- #1

APphysicsfail

- 1

- 0

## Homework Statement

Add these vectors: 10 km [S53°E] and 25 km 16.26° N of E

## Homework Equations

Law of cosines and law of sines equations

## The Attempt at a Solution

So I visualized the vectors as two arrows, the shorter one pointing down at a 323° angle (of 53° east of south) and the longer one starting at the tip of the first one, pointing up 16.26°. My first attempt was to split them up into components- I drew legs off of the lines to make right triangles and used trig to calculate Ax=3.96km, Ay=9.18km, Bx=21.29 and By=13.11 with Ax/Ay being the components of the 10km line, Bx/By the components of 25km. I then realized that the resultant line I was looking for wasn't going to be the hypotenuse of a triangle but the side of a quadrilateral, so finding the components was useless.

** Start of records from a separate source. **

(* Let $N\geq1$, $\delta=T/N$. Let $v_h^0$ be the greatest $v\in\mathcal W_h$ with $v\leq\phi$, and for $t=0,\delta,\dots,T-\delta$ let $v_h^{t+\delta}$ be the greatest $v\in\mathcal W_h$ with $\langle z_j,v\rangle\leq\langle z_j,S^\delta v_h^t\rangle$ for all $1\leq j\leq q$. Then for every $t\in\{0,\delta,\dots,T\}$ there exists a greatest $\lambda^t\in\overline{\mathbb{R}}^p$ with $v_h^t=W_h\lambda^t$, and these vectors satisfy $\lambda^0=W_h\backslash\phi$ and, for $t=0,\dots,T-\delta$ and $1\leq i\leq p$, \[ \lambda^{t+\delta}_i=\min_{1\leq j\leq q}\Big(\langle z_j,w_i\rangle\backslash\langle z_j,S^\delta(W_h\lambda^t)\rangle\Big). \]
   Context: $X\subseteq\mathbb{R}^n$, $U\subseteq\mathbb{R}^m$, $\ell:X\times U\to\mathbb R$, $f:X\times U\to\mathbb{R}^n$, $T>0$, $\phi:X\to\mathbb{R}\cup\{-\infty\}$; $S^\delta g(x)=\sup\{\int_0^\delta\ell(\mathbf x(s),\mathbf u(s))ds+g(\mathbf x(\delta))\}$ over measurable $\mathbf u:[0,\delta]\to U$ and absolutely continuous $\mathbf x:[0,\delta]\to X$ with $\dot{\mathbf x}=f(\mathbf x,\mathbf u)$ a.e., $\mathbf x(0)=x$. Arithmetic in $\overline{\mathbb R}=\mathbb{R}\cup\{\pm\infty\}$ with $-\infty$ absorbing for $+$; $a\backslash b=\max\{\lambda\in\overline{\mathbb{R}}:a+\lambda\leq b\}$. Finite elements $w_1,\dots,w_p$ and test functions $z_1,\dots,z_q$ are functions $X\to\mathbb{R}\cup\{-\infty\}$. $\langle u,v\rangle=\sup_{x\in X}(u(x)+v(x))$; $W_h\lambda=\sup_i(w_i+\lambda_i)$; $\mathcal W_h=\{W_h\lambda:\lambda\in\overline{\mathbb R}^p\}$; $(W_h\backslash g)_i=\inf_{x\in X}(w_i(x)\backslash g(x))$. Functions are ordered pointwise. *)

theory Defs
  imports "HOL-Analysis.Analysis" "HOL-Library.Extended_Real"
begin

definition madd :: "ereal \<Rightarrow> ereal \<Rightarrow> ereal" where
  "madd a b = (if a = -\<infinity> \<or> b = -\<infinity> then -\<infinity> else a + b)"

definition resid :: "ereal \<Rightarrow> ereal \<Rightarrow> ereal" where
  "resid a b = (GREATEST l. madd a l \<le> b)"

definition abs_cont_on :: "real \<Rightarrow> real \<Rightarrow> (real \<Rightarrow> 'v::real_normed_vector) \<Rightarrow> bool" where
  "abs_cont_on a b y \<longleftrightarrow>
     (\<forall>e>0. \<exists>d>0. \<forall>(n::nat) (s::nat \<Rightarrow> real) (t::nat \<Rightarrow> real).
        (\<forall>k<n. a \<le> s k \<and> s k \<le> t k \<and> t k \<le> b)
        \<and> (\<forall>i<n. \<forall>j<n. i \<noteq> j \<longrightarrow> t i \<le> s j \<or> t j \<le> s i)
        \<and> (\<Sum>k<n. t k - s k) < d
        \<longrightarrow> (\<Sum>k<n. norm (y (t k) - y (s k))) < e)"

definition admissible ::
  "('n::euclidean_space) set \<Rightarrow> ('m::euclidean_space) set \<Rightarrow> ('n \<Rightarrow> 'm \<Rightarrow> 'n)
   \<Rightarrow> ('n \<Rightarrow> 'm \<Rightarrow> real) \<Rightarrow> real \<Rightarrow> 'n \<Rightarrow> (real \<Rightarrow> 'm) \<Rightarrow> (real \<Rightarrow> 'n) \<Rightarrow> bool" where
  "admissible X U f l \<delta> x u y \<longleftrightarrow>
     u \<in> borel_measurable (restrict_space lborel {0..\<delta>})
     \<and> (\<forall>s\<in>{0..\<delta>}. u s \<in> U)
     \<and> abs_cont_on 0 \<delta> y
     \<and> (\<forall>s\<in>{0..\<delta>}. y s \<in> X)
     \<and> (AE s in lborel. s \<in> {0..\<delta>} \<longrightarrow> (y has_vector_derivative f (y s) (u s)) (at s within {0..\<delta>}))
     \<and> y 0 = x
     \<and> set_integrable lborel {0..\<delta>} (\<lambda>s. l (y s) (u s))"

definition Ssg ::
  "('n::euclidean_space) set \<Rightarrow> ('m::euclidean_space) set \<Rightarrow> ('n \<Rightarrow> 'm \<Rightarrow> 'n)
   \<Rightarrow> ('n \<Rightarrow> 'm \<Rightarrow> real) \<Rightarrow> real \<Rightarrow> ('n \<Rightarrow> ereal) \<Rightarrow> 'n \<Rightarrow> ereal" where
  "Ssg X U f l \<delta> g x = Sup {ereal (LINT s:{0..\<delta>}|lborel. l (y s) (u s)) + g (y \<delta>) | u y.
        admissible X U f l \<delta> x u y}"

definition pairing :: "'n set \<Rightarrow> ('n \<Rightarrow> ereal) \<Rightarrow> ('n \<Rightarrow> ereal) \<Rightarrow> ereal" where
  "pairing X u v = (SUP x\<in>X. madd (u x) (v x))"

definition Wh :: "('p \<Rightarrow> 'n \<Rightarrow> ereal) \<Rightarrow> ('p \<Rightarrow> ereal) \<Rightarrow> 'n \<Rightarrow> ereal" where
  "Wh w lam x = (SUP i. madd (w i x) (lam i))"

definition Wspace :: "('p \<Rightarrow> 'n \<Rightarrow> ereal) \<Rightarrow> ('n \<Rightarrow> ereal) set" where
  "Wspace w = range (Wh w)"

definition Wres :: "'n set \<Rightarrow> ('p \<Rightarrow> 'n \<Rightarrow> ereal) \<Rightarrow> ('n \<Rightarrow> ereal) \<Rightarrow> 'p \<Rightarrow> ereal" where
  "Wres X w g i = (INF x\<in>X. resid (w i x) (g x))"

end

theory Submission
  imports Defs
begin

text \<open>
  Max-plus addition is residuated, and so are \<open>W\<^sub>h\<close> and the pairings with the test
  functions: \<open>W\<^sub>h \<lambda> \<le> g\<close> iff \<open>\<lambda> \<le> W\<^sub>h \ g\<close>, and \<open>\<langle>z\<^sub>j, W\<^sub>h \<lambda>\<rangle> \<le> c\<^sub>j\<close> for all \<open>j\<close>
  iff \<open>\<lambda>\<^sub>i \<le> min\<^sub>j (\<langle>z\<^sub>j, w\<^sub>i\<rangle> \ c\<^sub>j)\<close> for all \<open>i\<close>.  Hence each constraint defining \<open>v\<^sub>h\<^sup>t\<close>,
  pulled back along \<open>W\<^sub>h\<close>, cuts out a principal down-set \<open>{\<lambda>. \<lambda> \<le> \<mu>}\<close> of coefficient
  vectors; then \<open>W\<^sub>h \<mu>\<close> is the greatest admissible function in the range of \<open>W\<^sub>h\<close>, and \<open>\<mu>\<close>
  is the greatest coefficient vector representing it.  No property of \<open>S\<^sup>\<delta>\<close> is used.
\<close>

lemma madd_commute: "madd a b = madd b a"
  unfolding madd_def by (auto simp: add.commute)

lemma madd_assoc: "madd (madd a b) c = madd a (madd b c)"
  unfolding madd_def by (auto simp: add.assoc)

lemma madd_mono: "a \<le> a' \<Longrightarrow> b \<le> b' \<Longrightarrow> madd a b \<le> madd a' b'"
  unfolding madd_def by (auto intro: add_mono)

lemma madd_residuated: "\<exists>g. \<forall>l. madd a l \<le> b \<longleftrightarrow> l \<le> g"
proof (cases a)
  case (real r)
  show ?thesis
  proof (intro exI allI)
    fix l show "madd a l \<le> b \<longleftrightarrow> l \<le> b - a"
      using real by (cases b; cases l) (auto simp: madd_def add.commute le_diff_eq)
  qed
next
  case PInf
  show ?thesis
  proof (intro exI allI)
    fix l show "madd a l \<le> b \<longleftrightarrow> l \<le> (if b = \<infinity> then \<infinity> else -\<infinity>)"
      using PInf by (cases b; cases l) (auto simp: madd_def)
  qed
next
  case MInf
  then show ?thesis by (intro exI[of _ \<infinity>]) (auto simp: madd_def)
qed

lemma madd_le_iff_le_resid: "madd a l \<le> b \<longleftrightarrow> l \<le> resid a b"
proof -
  obtain g where g: "\<And>l. madd a l \<le> b \<longleftrightarrow> l \<le> g"
    using madd_residuated by blast
  have "resid a b = g"
    unfolding resid_def by (rule Greatest_equality) (use g in auto)
  with g show ?thesis by simp
qed

lemma madd_SUP_le_iff: "madd a (SUP i\<in>I. b i) \<le> c \<longleftrightarrow> (\<forall>i\<in>I. madd a (b i) \<le> c)"
  by (simp add: madd_le_iff_le_resid SUP_le_iff)

lemma SUP_madd_le_iff: "madd (SUP i\<in>I. b i) a \<le> c \<longleftrightarrow> (\<forall>i\<in>I. madd (b i) a \<le> c)"
  by (simp add: madd_commute[of _ a] madd_SUP_le_iff)

lemma Wh_mono: "lam \<le> mu \<Longrightarrow> Wh w lam \<le> Wh w mu"
  unfolding Wh_def le_fun_def by (auto intro!: SUP_mono madd_mono)

lemma Wh_le_iff_le_Wres:
  assumes "\<forall>i x. x \<notin> X \<longrightarrow> w i x = -\<infinity>"
  shows "Wh w lam \<le> g \<longleftrightarrow> lam \<le> Wres X w g"
proof -
  have "Wh w lam \<le> g \<longleftrightarrow> (\<forall>x i. madd (w i x) (lam i) \<le> g x)"
    unfolding Wh_def le_fun_def by (simp add: SUP_le_iff)
  also have "\<dots> \<longleftrightarrow> (\<forall>x\<in>X. \<forall>i. madd (w i x) (lam i) \<le> g x)"
    using assms by (auto simp: madd_def)
  also have "\<dots> \<longleftrightarrow> lam \<le> Wres X w g"
    unfolding Wres_def le_fun_def by (auto simp: le_INF_iff madd_le_iff_le_resid)
  finally show ?thesis .
qed

lemma pairing_Wh_le_iff:
  "pairing X z (Wh w lam) \<le> c \<longleftrightarrow> (\<forall>i. lam i \<le> resid (pairing X z (w i)) c)"
proof -
  have "pairing X z (Wh w lam) \<le> c \<longleftrightarrow> (\<forall>x\<in>X. \<forall>i. madd (madd (z x) (w i x)) (lam i) \<le> c)"
    unfolding pairing_def Wh_def by (simp add: SUP_le_iff madd_SUP_le_iff madd_assoc)
  also have "\<dots> \<longleftrightarrow> (\<forall>i. madd (pairing X z (w i)) (lam i) \<le> c)"
    unfolding pairing_def by (auto simp: SUP_madd_le_iff)
  finally show ?thesis by (simp add: madd_le_iff_le_resid)
qed

lemma pairings_Wh_le_iff:
  fixes z :: "'q::finite \<Rightarrow> 'n \<Rightarrow> ereal"
  shows "(\<forall>j. pairing X (z j) (Wh w lam) \<le> c j) \<longleftrightarrow>
    lam \<le> (\<lambda>i. Min (range (\<lambda>j. resid (pairing X (z j) (w i)) (c j))))"
  unfolding le_fun_def pairing_Wh_le_iff by (auto simp: Min_ge_iff)

lemma Greatest_Wspace_repr:
  assumes P_iff: "\<And>lam. P (Wh w lam) \<longleftrightarrow> lam \<le> mu"
    and v_def: "v = (GREATEST u. u \<in> Wspace w \<and> P u)"
  shows "v = Wh w mu"
    and "v = Wh w lam \<Longrightarrow> lam \<le> mu"
    and "(GREATEST lam. v = Wh w lam) = mu"
proof -
  show v_eq: "v = Wh w mu"
    unfolding v_def by (rule Greatest_equality) (use P_iff in \<open>auto simp: Wspace_def intro: Wh_mono\<close>)
  have repr_le: "lam' \<le> mu" if "v = Wh w lam'" for lam'
    using P_iff[of mu] P_iff[of lam'] that v_eq by simp
  then show "v = Wh w lam \<Longrightarrow> lam \<le> mu" .
  show "(GREATEST lam. v = Wh w lam) = mu"
    by (rule Greatest_equality) (use v_eq repr_le in auto)
qed

theorem proposition3p2:
  fixes X :: "('n::euclidean_space) set" and U :: "('m::euclidean_space) set"
    and l :: "'n \<Rightarrow> 'm \<Rightarrow> real" and f :: "'n \<Rightarrow> 'm \<Rightarrow> 'n"
    and T :: real and N :: nat and \<delta> :: real
    and \<phi> :: "'n \<Rightarrow> ereal"
    and w :: "'p::finite \<Rightarrow> 'n \<Rightarrow> ereal" and z :: "'q::finite \<Rightarrow> 'n \<Rightarrow> ereal"
    and v :: "nat \<Rightarrow> 'n \<Rightarrow> ereal"
  assumes "T > 0" and "N \<ge> 1" and "\<delta> = T / real N"
    and "\<forall>x. \<phi> x \<noteq> \<infinity>" and "\<forall>i x. w i x \<noteq> \<infinity>" and "\<forall>j x. z j x \<noteq> \<infinity>"
    and "\<forall>x. x \<notin> X \<longrightarrow> \<phi> x = -\<infinity>"
    and "\<forall>i x. x \<notin> X \<longrightarrow> w i x = -\<infinity>"
    and "\<forall>j x. x \<notin> X \<longrightarrow> z j x = -\<infinity>"
    and "v 0 = (GREATEST u. u \<in> Wspace w \<and> u \<le> \<phi>)"
    and "\<forall>k<N. v (Suc k) = (GREATEST u. u \<in> Wspace w \<and>
            (\<forall>j. pairing X (z j) u \<le> pairing X (z j) (Ssg X U f l \<delta> (v k))))"
  shows "(\<forall>k\<le>N. \<exists>lam. v k = Wh w lam \<and> (\<forall>lam'. v k = Wh w lam' \<longrightarrow> lam' \<le> lam))
    \<and> (GREATEST lam. v 0 = Wh w lam) = Wres X w \<phi>
    \<and> (\<forall>k<N. \<forall>i. (GREATEST lam. v (Suc k) = Wh w lam) i =
          Min (range (\<lambda>j. resid (pairing X (z j) (w i))
                 (pairing X (z j) (Ssg X U f l \<delta> (Wh w (GREATEST lam. v k = Wh w lam)))))))"
proof -
  define mu where "mu k = (\<lambda>i. Min (range (\<lambda>j. resid (pairing X (z j) (w i))
    (pairing X (z j) (Ssg X U f l \<delta> (v k))))))" for k
  note repr_0 = Greatest_Wspace_repr[OF Wh_le_iff_le_Wres[OF assms(8)] assms(10)]
  have repr_Suc: "v (Suc k) = Wh w (mu k)" "v (Suc k) = Wh w lam' \<Longrightarrow> lam' \<le> mu k"
    "(GREATEST lam. v (Suc k) = Wh w lam) = mu k" if "k < N" for k lam'
    using Greatest_Wspace_repr[OF pairings_Wh_le_iff assms(11)[rule_format, OF that]]
    unfolding mu_def by blast+
  have v_repr: "\<exists>lam. v k = Wh w lam \<and> (\<forall>lam'. v k = Wh w lam' \<longrightarrow> lam' \<le> lam)
      \<and> (GREATEST lam. v k = Wh w lam) = lam" if "k \<le> N" for k
  proof (cases k)
    case 0
    then show ?thesis using repr_0 by blast
  next
    case (Suc k')
    with that have "k' < N" by simp
    with Suc show ?thesis using repr_Suc by blast
  qed
  then have Wh_Greatest: "Wh w (GREATEST lam. v k = Wh w lam) = v k" if "k \<le> N" for k
    using that by force
  have "\<forall>k\<le>N. \<exists>lam. v k = Wh w lam \<and> (\<forall>lam'. v k = Wh w lam' \<longrightarrow> lam' \<le> lam)"
    using v_repr by blast
  with repr_0(3) repr_Suc(3) Wh_Greatest show ?thesis
    by (simp add: mu_def)
qed

end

Then I found the supplementary angle between 37° (the compliment of 53°) and 16.26° to be 126.74°. I used the law of cosines to find the length of the resultant, with 126.74° being my angle C and the resultant being c.

c^2 = a^2+b^2 - 2ab(cosC)

c^2 = 10^2+25^2 - 2(10)(25)(cos126.74)

c^2 = 487.7

c = 22.08

I feel like I'm doing this wrong, since it's odd that the resultant is shorter than the second vector. I went on to plug this information into the law of sines to find the angle of the new vector, using 25 as B, 22.08 as C, 126.74 as c and looking for b.

sinb/B = sinc/C

sinb/25 = sin126.74/22.08

b = .665°

53°+0.665 = 53.665° E of S.

So the answer I got is 22.08km 53.665 E of S. I'm positive that this is wrong. Could someone please explain to me how this works and what I'm doing wrong? If my phrasing of the question is confusing, ask me any questions you have and I'll try convey it clearer. Thank you!